■ Problem details
What do the lines say, reproduced word for word, from the first of the entries below through the line bearing "fixes P x0 :: int"?

■ Information supplied
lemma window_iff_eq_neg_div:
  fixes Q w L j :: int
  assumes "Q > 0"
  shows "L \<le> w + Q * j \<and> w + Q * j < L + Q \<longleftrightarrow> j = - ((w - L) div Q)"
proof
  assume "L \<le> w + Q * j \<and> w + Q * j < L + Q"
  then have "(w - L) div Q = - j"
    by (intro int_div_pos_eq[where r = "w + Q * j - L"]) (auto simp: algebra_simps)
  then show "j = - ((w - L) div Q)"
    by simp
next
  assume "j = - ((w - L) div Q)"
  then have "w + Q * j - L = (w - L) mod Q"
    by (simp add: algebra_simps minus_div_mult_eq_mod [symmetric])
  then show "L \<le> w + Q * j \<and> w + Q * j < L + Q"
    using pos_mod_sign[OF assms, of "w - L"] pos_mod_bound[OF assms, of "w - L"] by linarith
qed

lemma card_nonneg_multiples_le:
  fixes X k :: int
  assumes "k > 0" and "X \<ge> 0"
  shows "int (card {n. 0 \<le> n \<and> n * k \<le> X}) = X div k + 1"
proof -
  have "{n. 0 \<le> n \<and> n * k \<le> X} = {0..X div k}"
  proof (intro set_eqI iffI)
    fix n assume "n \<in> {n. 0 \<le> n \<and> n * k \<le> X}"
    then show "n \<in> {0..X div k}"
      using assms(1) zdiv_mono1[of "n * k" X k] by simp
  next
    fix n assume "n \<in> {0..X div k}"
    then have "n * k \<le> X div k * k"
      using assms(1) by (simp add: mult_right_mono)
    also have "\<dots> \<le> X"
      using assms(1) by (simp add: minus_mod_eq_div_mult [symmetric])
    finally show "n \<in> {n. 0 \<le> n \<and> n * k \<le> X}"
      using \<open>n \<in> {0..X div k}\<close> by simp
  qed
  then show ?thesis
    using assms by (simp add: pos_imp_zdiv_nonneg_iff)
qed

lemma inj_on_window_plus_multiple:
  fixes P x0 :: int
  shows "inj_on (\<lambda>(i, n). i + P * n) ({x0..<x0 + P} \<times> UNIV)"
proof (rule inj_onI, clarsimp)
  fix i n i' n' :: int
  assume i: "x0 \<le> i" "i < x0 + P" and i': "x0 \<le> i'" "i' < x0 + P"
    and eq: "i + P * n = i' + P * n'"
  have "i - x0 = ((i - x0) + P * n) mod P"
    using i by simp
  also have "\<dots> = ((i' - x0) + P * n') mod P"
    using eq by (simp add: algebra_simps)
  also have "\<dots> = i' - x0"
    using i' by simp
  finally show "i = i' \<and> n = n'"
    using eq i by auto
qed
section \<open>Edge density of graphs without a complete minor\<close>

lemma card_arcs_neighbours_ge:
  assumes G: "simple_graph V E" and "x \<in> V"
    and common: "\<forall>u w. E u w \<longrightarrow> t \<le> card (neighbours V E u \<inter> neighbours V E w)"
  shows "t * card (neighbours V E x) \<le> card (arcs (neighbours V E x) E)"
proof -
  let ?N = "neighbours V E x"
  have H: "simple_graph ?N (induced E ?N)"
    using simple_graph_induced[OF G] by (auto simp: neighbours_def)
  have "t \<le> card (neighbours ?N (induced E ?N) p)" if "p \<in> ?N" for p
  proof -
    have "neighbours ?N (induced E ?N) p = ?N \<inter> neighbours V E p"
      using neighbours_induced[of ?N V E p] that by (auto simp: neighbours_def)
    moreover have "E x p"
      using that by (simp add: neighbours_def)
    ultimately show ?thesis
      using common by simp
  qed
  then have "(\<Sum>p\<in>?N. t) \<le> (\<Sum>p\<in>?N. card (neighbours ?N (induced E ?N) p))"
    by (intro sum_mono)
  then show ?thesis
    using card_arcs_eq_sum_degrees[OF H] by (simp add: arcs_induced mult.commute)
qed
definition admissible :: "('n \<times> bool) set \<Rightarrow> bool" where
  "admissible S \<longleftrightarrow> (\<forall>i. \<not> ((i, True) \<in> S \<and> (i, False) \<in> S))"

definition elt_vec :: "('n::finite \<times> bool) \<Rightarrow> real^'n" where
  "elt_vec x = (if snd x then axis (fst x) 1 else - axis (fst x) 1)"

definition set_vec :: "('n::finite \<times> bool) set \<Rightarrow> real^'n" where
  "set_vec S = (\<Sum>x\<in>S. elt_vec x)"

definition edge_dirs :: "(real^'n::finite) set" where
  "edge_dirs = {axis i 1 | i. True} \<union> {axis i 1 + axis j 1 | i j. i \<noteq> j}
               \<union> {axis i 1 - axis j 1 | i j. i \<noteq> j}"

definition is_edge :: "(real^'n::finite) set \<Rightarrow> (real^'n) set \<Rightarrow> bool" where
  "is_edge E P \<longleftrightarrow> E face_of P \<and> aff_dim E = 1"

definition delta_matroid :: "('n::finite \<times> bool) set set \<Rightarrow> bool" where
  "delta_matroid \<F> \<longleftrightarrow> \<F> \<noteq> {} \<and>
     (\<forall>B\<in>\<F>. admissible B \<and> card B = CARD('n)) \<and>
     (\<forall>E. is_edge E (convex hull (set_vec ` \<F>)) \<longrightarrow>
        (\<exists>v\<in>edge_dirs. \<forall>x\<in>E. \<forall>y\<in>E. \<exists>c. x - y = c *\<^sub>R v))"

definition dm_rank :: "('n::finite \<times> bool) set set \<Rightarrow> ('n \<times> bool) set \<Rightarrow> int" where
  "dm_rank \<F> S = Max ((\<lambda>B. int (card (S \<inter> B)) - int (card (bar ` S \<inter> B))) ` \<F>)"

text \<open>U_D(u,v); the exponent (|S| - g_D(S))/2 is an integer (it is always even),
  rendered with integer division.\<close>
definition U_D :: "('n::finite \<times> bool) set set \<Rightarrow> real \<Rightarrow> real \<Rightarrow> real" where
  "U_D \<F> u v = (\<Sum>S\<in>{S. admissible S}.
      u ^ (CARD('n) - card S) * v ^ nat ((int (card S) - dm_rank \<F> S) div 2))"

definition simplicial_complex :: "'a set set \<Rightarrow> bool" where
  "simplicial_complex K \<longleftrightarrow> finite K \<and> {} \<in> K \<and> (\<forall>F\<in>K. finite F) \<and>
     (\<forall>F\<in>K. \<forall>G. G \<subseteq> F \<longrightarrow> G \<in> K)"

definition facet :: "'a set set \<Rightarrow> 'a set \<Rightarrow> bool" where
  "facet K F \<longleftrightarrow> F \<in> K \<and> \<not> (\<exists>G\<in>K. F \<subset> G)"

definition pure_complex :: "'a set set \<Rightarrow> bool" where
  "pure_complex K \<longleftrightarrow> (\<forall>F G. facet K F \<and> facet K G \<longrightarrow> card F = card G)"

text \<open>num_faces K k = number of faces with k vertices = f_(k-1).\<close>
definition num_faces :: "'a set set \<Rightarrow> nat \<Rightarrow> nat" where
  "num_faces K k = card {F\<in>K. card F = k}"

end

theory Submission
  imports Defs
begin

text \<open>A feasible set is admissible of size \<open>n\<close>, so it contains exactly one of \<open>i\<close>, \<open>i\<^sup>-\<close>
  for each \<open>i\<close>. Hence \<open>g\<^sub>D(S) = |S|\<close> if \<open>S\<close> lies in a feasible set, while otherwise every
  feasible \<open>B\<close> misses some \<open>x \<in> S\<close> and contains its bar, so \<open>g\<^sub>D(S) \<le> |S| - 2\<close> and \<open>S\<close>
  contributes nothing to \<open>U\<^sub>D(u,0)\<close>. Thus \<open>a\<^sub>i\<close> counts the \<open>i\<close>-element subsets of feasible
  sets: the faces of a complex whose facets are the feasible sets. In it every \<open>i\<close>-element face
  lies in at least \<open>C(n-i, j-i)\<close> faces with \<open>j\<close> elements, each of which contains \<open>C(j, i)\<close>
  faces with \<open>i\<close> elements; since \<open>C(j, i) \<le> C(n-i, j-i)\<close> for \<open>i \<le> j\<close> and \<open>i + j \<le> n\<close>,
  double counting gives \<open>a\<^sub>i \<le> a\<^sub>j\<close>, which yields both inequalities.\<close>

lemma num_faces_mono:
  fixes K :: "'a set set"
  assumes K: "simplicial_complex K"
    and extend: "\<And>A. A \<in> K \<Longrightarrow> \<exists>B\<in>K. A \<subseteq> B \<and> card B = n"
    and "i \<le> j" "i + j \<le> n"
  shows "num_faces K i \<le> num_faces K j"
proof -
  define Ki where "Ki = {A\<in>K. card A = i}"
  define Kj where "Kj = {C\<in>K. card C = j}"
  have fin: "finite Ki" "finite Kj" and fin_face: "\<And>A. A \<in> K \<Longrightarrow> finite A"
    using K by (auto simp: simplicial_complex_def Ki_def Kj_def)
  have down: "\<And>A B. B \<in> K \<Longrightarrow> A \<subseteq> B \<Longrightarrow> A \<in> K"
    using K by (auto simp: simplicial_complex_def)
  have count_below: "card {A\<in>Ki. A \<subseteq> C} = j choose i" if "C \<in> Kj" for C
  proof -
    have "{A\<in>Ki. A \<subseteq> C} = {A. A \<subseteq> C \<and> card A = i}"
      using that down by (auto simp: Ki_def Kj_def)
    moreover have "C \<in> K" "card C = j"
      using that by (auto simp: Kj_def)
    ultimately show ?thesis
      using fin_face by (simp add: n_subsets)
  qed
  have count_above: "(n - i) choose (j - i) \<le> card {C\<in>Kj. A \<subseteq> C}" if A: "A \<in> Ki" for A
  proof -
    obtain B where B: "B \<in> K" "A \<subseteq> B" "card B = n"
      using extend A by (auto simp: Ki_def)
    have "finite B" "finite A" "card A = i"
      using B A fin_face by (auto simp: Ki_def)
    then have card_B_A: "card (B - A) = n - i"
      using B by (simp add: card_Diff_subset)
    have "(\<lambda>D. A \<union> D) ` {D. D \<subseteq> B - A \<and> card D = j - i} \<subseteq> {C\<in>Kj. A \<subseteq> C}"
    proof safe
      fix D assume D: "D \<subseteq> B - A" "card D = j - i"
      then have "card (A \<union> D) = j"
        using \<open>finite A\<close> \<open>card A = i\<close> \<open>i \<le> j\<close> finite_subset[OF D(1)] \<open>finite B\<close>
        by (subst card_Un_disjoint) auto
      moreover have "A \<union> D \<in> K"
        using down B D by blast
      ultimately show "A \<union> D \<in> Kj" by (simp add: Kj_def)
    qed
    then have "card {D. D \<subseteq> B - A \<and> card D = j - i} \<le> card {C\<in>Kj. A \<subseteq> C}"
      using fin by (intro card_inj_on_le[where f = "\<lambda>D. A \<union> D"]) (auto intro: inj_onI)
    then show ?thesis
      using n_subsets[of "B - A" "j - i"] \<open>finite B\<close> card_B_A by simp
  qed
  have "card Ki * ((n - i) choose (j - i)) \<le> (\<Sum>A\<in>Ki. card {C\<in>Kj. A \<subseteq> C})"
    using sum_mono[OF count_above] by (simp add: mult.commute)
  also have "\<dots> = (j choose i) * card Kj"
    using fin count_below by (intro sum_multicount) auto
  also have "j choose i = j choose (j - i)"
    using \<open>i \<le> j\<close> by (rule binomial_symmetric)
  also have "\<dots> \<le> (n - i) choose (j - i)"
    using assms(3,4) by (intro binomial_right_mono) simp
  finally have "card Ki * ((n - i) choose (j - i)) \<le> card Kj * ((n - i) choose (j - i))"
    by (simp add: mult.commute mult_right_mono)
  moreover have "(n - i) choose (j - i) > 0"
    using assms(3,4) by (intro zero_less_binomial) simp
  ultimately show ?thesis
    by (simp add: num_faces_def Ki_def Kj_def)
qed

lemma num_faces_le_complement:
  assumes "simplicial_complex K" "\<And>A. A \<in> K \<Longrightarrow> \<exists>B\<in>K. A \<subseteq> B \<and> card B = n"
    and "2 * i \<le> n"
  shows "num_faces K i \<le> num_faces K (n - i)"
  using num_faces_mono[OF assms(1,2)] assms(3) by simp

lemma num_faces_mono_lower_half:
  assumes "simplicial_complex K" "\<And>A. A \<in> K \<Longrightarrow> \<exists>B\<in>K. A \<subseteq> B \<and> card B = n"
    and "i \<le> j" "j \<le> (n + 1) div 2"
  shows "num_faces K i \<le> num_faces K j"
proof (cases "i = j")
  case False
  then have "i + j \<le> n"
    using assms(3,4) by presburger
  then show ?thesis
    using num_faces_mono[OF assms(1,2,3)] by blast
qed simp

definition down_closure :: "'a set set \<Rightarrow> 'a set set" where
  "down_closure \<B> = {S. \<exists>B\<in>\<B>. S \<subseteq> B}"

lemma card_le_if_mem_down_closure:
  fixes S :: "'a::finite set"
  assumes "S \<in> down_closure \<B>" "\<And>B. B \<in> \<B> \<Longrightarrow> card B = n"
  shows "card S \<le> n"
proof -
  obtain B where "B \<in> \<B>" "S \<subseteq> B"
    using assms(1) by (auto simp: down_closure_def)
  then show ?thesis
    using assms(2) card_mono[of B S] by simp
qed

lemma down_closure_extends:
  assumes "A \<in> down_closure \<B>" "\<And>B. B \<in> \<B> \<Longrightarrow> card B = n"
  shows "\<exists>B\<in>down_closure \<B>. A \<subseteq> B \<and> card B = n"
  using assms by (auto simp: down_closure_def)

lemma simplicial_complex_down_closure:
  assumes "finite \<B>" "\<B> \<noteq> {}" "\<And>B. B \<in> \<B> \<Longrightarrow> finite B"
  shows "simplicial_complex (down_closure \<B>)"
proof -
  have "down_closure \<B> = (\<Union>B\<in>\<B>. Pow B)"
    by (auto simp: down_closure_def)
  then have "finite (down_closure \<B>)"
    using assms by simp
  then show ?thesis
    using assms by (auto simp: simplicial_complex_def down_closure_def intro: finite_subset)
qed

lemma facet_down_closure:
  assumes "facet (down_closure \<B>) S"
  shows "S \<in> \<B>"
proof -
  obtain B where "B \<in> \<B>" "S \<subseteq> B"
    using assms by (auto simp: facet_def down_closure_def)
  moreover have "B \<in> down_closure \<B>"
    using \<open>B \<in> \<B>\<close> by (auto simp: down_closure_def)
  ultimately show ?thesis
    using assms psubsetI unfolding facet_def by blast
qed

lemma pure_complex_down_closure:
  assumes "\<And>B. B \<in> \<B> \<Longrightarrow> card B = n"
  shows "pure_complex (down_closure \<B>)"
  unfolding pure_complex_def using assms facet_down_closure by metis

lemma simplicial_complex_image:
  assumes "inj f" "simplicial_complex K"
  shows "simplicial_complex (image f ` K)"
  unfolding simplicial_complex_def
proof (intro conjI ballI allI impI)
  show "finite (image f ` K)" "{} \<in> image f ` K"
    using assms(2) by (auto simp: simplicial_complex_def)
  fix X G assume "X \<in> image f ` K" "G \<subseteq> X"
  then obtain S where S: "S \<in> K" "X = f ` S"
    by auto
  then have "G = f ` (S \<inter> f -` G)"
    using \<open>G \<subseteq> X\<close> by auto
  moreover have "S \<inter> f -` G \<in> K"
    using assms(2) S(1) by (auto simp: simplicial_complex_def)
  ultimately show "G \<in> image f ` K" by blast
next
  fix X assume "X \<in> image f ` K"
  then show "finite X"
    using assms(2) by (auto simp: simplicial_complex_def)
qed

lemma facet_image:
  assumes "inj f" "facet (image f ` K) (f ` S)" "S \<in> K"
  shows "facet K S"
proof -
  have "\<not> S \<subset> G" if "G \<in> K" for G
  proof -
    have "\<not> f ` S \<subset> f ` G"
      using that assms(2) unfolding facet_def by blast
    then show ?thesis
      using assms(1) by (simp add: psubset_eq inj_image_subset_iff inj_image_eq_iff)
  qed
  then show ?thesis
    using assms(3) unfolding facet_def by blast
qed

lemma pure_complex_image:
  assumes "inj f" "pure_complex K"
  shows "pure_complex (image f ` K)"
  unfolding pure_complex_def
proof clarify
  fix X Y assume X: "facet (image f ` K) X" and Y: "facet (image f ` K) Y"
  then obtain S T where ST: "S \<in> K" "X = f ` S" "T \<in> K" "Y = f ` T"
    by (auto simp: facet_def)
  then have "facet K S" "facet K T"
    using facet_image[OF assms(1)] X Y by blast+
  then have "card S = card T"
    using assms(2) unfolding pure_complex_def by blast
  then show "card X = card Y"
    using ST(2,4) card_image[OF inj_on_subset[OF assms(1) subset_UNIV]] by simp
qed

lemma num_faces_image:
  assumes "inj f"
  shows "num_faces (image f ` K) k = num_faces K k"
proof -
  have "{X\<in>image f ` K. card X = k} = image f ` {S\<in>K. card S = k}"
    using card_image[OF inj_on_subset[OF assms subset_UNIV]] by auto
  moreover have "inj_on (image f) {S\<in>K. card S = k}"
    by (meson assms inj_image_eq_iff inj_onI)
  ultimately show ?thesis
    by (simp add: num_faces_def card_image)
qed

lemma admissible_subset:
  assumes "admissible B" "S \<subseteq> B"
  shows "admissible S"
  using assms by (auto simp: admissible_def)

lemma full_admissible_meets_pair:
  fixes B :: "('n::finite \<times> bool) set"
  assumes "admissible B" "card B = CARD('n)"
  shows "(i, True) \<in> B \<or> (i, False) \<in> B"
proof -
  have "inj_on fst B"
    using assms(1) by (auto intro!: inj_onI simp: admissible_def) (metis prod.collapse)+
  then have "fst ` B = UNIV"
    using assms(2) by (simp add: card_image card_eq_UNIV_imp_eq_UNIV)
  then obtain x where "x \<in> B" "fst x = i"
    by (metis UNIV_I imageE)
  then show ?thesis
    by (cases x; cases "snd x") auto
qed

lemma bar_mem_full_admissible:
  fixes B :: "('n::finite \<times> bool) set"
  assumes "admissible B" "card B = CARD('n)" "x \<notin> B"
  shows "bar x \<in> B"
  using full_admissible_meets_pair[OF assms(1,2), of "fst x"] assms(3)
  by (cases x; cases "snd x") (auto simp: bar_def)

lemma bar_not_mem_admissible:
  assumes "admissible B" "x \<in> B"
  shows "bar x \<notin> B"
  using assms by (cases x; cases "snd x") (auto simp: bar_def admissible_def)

■ Reply
lemma window_iff_eq_neg_div:
  fixes Q w L j :: int
  assumes "Q > 0"
  shows "L \<le> w + Q * j \<and> w + Q * j < L + Q \<longleftrightarrow> j = - ((w - L) div Q)"
proof
  assume "L \<le> w + Q * j \<and> w + Q * j < L + Q"
  then have "(w - L) div Q = - j"
    by (intro int_div_pos_eq[where r = "w + Q * j - L"]) (auto simp: algebra_simps)
  then show "j = - ((w - L) div Q)"
    by simp
next
  assume "j = - ((w - L) div Q)"
  then have "w + Q * j - L = (w - L) mod Q"
    by (simp add: algebra_simps minus_div_mult_eq_mod [symmetric])
  then show "L \<le> w + Q * j \<and> w + Q * j < L + Q"
    using pos_mod_sign[OF assms, of "w - L"] pos_mod_bound[OF assms, of "w - L"] by linarith
qed

lemma card_nonneg_multiples_le:
  fixes X k :: int
  assumes "k > 0" and "X \<ge> 0"
  shows "int (card {n. 0 \<le> n \<and> n * k \<le> X}) = X div k + 1"
proof -
  have "{n. 0 \<le> n \<and> n * k \<le> X} = {0..X div k}"
  proof (intro set_eqI iffI)
    fix n assume "n \<in> {n. 0 \<le> n \<and> n * k \<le> X}"
    then show "n \<in> {0..X div k}"
      using assms(1) zdiv_mono1[of "n * k" X k] by simp
  next
    fix n assume "n \<in> {0..X div k}"
    then have "n * k \<le> X div k * k"
      using assms(1) by (simp add: mult_right_mono)
    also have "\<dots> \<le> X"
      using assms(1) by (simp add: minus_mod_eq_div_mult [symmetric])
    finally show "n \<in> {n. 0 \<le> n \<and> n * k \<le> X}"
      using \<open>n \<in> {0..X div k}\<close> by simp
  qed
  then show ?thesis
    using assms by (simp add: pos_imp_zdiv_nonneg_iff)
qed

lemma inj_on_window_plus_multiple:
  fixes P x0 :: int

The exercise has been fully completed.